[[ EXERCISE INPUT open ]]

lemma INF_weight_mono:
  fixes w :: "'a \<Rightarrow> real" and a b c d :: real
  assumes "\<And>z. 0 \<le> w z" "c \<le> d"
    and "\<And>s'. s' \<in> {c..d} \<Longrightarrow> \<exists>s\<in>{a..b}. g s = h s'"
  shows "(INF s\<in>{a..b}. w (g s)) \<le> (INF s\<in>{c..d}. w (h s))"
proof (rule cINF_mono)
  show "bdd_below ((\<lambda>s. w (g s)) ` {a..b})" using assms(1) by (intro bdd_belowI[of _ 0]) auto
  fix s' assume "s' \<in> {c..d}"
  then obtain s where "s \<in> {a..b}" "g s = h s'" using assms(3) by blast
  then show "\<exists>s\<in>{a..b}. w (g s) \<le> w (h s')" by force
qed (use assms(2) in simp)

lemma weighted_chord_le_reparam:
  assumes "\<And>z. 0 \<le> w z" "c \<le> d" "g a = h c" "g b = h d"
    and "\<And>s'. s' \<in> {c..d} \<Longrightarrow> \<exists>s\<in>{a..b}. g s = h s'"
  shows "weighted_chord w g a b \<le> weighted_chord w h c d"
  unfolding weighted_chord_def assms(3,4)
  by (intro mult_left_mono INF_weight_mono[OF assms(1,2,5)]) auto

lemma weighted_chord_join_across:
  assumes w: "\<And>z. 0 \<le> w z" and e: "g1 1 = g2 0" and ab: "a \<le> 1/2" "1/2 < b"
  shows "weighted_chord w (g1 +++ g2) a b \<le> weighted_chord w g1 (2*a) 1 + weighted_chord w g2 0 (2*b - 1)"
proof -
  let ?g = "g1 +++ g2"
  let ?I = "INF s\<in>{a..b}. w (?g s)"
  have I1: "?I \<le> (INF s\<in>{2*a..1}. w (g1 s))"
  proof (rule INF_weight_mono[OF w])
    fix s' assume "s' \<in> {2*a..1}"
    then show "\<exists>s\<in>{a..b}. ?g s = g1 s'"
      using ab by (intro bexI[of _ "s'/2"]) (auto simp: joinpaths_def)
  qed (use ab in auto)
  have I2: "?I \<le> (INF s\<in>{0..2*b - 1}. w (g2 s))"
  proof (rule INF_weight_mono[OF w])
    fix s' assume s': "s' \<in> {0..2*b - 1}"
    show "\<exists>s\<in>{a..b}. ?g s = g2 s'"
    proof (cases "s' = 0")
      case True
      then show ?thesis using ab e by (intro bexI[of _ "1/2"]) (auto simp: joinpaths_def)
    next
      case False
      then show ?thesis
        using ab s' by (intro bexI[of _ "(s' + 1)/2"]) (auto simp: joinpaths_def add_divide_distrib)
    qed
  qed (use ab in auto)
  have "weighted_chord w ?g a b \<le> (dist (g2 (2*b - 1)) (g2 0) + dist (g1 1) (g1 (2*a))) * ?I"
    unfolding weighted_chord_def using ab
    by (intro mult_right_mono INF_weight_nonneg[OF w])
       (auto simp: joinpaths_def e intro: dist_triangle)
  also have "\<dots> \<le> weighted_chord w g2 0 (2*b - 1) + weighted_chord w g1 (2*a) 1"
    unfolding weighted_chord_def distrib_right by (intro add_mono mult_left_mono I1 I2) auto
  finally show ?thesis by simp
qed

[[ EXERCISE INPUT closed ]]
[[ EXERCISE INPUT open ]]

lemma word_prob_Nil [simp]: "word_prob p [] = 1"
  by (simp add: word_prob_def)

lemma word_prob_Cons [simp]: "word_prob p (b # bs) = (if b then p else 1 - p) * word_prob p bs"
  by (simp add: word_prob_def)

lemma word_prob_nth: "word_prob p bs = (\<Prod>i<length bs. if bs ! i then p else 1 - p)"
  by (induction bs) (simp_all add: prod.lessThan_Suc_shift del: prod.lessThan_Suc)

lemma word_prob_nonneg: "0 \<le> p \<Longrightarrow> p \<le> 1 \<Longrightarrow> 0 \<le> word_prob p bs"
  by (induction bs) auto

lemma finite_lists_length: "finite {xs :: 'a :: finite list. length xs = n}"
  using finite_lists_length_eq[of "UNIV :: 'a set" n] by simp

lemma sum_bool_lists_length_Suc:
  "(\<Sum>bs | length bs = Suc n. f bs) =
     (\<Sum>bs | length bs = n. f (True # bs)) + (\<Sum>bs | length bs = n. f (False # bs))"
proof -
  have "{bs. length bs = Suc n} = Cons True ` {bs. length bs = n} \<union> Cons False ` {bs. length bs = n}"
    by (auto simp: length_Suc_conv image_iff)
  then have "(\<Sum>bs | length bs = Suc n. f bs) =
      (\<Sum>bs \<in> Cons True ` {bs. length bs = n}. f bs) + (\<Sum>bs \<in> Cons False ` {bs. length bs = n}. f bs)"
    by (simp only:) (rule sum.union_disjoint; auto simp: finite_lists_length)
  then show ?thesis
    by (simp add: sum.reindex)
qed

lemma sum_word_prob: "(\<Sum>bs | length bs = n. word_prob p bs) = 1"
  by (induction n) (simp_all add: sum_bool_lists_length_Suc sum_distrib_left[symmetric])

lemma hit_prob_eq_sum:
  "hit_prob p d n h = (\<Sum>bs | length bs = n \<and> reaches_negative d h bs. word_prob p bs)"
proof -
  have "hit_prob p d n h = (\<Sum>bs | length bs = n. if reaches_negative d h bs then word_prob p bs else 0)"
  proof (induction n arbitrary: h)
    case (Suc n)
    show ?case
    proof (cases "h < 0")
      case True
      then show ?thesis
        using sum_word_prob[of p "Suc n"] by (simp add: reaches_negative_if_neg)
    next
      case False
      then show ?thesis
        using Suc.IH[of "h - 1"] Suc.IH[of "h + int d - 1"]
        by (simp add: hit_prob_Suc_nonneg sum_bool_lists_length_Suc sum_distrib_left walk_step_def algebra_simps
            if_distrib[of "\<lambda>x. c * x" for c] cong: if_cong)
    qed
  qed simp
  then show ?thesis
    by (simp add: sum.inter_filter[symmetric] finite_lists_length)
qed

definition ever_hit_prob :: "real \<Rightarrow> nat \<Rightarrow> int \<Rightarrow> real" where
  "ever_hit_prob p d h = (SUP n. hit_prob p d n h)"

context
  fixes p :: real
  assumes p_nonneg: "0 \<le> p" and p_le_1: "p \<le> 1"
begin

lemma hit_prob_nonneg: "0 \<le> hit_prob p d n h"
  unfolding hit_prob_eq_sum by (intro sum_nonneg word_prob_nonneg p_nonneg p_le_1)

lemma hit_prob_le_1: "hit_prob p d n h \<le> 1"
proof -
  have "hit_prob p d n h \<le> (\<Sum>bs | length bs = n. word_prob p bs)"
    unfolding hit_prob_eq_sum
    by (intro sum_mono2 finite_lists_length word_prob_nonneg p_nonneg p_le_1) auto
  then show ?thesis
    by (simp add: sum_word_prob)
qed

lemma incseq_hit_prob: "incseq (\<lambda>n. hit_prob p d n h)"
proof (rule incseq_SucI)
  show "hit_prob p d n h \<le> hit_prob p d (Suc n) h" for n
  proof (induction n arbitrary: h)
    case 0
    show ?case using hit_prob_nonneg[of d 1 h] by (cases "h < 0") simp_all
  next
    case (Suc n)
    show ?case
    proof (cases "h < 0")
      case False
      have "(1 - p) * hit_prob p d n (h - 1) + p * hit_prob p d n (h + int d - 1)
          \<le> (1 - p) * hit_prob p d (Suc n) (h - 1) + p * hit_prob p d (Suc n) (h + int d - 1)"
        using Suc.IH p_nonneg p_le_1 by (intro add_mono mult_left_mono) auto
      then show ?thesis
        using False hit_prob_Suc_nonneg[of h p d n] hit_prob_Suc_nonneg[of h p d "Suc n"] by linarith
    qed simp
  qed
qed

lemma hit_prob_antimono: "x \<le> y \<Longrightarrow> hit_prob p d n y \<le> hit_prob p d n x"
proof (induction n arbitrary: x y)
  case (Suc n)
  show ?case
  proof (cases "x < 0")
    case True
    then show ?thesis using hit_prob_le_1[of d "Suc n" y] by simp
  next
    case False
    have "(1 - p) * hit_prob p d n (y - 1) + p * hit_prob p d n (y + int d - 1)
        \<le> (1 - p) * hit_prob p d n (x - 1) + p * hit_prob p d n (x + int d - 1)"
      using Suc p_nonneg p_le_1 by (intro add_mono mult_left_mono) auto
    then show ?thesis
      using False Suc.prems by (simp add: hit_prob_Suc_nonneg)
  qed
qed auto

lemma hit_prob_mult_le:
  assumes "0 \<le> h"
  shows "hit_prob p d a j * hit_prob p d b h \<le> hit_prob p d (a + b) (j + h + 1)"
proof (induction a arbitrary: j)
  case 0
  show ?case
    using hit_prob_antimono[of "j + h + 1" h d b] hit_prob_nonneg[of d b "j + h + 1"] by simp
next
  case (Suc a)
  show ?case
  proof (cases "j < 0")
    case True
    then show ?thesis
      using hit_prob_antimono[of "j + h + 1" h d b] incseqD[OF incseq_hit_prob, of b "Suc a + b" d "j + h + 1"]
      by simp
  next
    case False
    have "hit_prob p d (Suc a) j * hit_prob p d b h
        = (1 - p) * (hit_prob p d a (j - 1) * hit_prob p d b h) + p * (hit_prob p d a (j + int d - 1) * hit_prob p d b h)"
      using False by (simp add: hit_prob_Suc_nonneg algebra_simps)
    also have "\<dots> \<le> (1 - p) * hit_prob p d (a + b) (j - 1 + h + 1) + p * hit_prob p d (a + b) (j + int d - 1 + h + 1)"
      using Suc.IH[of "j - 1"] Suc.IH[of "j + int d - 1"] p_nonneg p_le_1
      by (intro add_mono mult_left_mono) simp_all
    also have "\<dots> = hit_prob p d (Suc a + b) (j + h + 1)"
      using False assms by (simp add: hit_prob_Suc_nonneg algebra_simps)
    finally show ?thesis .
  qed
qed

[[ EXERCISE INPUT closed ]]
[[ EXERCISE INPUT open ]]

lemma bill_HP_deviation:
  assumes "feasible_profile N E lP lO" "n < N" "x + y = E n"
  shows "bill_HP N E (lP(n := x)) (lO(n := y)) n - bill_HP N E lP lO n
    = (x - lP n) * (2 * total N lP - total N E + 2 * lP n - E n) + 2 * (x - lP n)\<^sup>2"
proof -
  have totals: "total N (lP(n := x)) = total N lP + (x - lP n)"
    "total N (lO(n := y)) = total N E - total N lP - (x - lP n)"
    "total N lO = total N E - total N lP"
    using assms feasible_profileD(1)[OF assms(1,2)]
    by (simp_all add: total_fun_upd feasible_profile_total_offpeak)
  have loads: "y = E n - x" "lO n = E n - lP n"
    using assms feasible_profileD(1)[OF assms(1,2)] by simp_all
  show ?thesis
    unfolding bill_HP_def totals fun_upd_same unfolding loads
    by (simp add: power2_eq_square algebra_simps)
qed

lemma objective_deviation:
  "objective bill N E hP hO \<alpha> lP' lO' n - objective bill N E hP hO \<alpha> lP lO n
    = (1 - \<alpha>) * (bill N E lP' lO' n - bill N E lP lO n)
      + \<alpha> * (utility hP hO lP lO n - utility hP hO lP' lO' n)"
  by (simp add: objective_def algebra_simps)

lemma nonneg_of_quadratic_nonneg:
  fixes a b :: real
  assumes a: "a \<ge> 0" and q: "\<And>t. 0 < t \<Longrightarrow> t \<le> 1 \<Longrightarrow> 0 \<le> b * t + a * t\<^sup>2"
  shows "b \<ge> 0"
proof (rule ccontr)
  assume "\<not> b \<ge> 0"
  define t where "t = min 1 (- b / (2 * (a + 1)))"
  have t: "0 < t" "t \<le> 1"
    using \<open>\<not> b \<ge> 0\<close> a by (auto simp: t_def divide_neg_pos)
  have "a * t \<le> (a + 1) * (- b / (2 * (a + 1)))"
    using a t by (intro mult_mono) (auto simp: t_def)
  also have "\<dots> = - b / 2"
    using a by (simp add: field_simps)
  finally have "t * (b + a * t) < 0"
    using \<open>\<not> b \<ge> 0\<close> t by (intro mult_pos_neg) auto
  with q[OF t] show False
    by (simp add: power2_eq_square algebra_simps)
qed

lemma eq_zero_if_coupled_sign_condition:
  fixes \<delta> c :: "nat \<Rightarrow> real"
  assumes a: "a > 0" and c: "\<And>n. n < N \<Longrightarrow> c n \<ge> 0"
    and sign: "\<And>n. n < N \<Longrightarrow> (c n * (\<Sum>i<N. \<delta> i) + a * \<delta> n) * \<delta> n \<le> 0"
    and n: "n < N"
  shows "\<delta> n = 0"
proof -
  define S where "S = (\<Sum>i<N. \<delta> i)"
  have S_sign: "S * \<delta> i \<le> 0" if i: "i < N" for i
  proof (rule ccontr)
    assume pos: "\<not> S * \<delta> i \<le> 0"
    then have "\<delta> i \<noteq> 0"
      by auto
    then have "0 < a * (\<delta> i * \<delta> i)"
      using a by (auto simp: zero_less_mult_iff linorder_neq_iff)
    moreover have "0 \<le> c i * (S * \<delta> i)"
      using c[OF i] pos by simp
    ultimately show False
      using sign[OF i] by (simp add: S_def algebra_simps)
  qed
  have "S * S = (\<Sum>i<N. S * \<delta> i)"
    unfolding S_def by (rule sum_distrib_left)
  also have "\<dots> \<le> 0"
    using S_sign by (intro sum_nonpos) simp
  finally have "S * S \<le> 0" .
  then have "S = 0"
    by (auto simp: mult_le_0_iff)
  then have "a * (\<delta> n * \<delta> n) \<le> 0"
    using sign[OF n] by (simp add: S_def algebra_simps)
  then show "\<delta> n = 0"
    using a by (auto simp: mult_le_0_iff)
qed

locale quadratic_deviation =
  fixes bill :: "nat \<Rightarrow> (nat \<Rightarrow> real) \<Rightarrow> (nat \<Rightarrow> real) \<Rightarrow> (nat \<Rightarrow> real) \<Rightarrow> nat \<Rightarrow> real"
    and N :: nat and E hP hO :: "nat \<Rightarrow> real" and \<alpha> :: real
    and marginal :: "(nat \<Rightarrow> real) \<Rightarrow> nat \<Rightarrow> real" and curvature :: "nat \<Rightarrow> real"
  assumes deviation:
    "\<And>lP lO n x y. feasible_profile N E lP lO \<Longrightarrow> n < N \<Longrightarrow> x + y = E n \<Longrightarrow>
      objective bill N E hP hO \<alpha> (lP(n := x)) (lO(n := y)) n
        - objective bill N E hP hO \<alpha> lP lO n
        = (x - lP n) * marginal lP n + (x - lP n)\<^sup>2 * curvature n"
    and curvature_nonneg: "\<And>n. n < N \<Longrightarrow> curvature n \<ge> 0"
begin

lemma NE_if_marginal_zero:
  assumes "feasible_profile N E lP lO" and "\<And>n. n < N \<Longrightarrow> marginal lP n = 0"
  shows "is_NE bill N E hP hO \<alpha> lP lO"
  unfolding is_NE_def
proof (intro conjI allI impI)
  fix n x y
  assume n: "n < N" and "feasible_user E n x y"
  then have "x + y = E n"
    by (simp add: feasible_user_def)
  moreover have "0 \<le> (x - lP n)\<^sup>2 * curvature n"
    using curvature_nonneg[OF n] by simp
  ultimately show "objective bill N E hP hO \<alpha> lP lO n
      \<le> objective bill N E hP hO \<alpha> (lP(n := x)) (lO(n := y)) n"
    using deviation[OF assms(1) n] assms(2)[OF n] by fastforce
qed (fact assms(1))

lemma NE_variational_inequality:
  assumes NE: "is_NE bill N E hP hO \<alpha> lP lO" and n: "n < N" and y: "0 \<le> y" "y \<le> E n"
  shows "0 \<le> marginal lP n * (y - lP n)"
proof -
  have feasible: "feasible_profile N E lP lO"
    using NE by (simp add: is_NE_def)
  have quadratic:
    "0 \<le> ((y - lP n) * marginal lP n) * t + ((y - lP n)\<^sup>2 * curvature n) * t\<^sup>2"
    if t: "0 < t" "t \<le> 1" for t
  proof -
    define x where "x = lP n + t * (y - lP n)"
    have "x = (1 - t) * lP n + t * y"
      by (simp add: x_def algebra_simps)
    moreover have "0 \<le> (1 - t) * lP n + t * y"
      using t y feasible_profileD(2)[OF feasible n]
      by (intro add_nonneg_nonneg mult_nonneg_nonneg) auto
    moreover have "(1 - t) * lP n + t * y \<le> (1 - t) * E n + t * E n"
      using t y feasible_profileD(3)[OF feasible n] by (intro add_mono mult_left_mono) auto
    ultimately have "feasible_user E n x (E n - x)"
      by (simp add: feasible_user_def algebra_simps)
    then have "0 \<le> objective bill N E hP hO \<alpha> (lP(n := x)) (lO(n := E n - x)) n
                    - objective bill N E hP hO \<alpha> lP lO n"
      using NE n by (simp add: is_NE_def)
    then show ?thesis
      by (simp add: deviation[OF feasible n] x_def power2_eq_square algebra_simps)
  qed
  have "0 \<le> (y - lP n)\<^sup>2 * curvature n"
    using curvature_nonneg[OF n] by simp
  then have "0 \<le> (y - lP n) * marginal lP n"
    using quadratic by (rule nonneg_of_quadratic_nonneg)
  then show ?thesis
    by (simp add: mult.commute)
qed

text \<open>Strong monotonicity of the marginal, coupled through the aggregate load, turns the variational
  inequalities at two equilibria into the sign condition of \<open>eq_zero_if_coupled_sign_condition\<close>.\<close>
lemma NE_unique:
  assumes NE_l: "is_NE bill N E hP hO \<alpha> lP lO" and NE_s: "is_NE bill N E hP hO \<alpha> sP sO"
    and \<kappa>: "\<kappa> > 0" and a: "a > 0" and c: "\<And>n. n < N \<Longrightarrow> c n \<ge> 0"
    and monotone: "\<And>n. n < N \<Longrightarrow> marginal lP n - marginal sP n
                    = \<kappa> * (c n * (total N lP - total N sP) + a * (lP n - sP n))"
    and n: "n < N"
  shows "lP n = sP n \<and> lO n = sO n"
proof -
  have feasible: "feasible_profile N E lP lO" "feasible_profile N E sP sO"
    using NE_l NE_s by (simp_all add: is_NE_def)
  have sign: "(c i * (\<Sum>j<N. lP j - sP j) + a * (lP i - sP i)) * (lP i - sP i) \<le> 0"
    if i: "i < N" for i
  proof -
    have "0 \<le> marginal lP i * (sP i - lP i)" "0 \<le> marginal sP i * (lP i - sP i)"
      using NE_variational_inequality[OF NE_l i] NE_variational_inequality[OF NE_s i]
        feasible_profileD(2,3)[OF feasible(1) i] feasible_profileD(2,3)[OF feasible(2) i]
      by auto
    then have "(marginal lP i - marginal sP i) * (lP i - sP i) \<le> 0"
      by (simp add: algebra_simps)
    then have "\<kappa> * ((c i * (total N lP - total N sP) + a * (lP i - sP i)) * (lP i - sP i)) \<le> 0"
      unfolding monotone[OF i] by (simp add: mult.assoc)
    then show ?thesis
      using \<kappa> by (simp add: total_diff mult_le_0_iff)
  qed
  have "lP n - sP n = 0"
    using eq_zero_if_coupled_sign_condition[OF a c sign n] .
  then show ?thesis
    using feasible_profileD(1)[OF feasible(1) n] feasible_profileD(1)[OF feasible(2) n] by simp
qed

[[ EXERCISE INPUT closed ]]

■ **EXERCISE GOAL**: Set down, exactly as they stand above, the lines starting with the line with "using NE n by (simp add: is_NE_def)" and going on through the line with "using quadratic by", and no others.

■ **RESPONSE TO THIS TASK**:
      using NE n by (simp add: is_NE_def)
    then show ?thesis
      by (simp add: deviation[OF feasible n] x_def power2_eq_square algebra_simps)
  qed
  have "0 \<le> (y - lP n)\<^sup>2 * curvature n"
    using curvature_nonneg[OF n] by simp
  then have "0 \<le> (y - lP n) * marginal lP n"
    using quadratic by (rule nonneg_of_quadratic_nonneg)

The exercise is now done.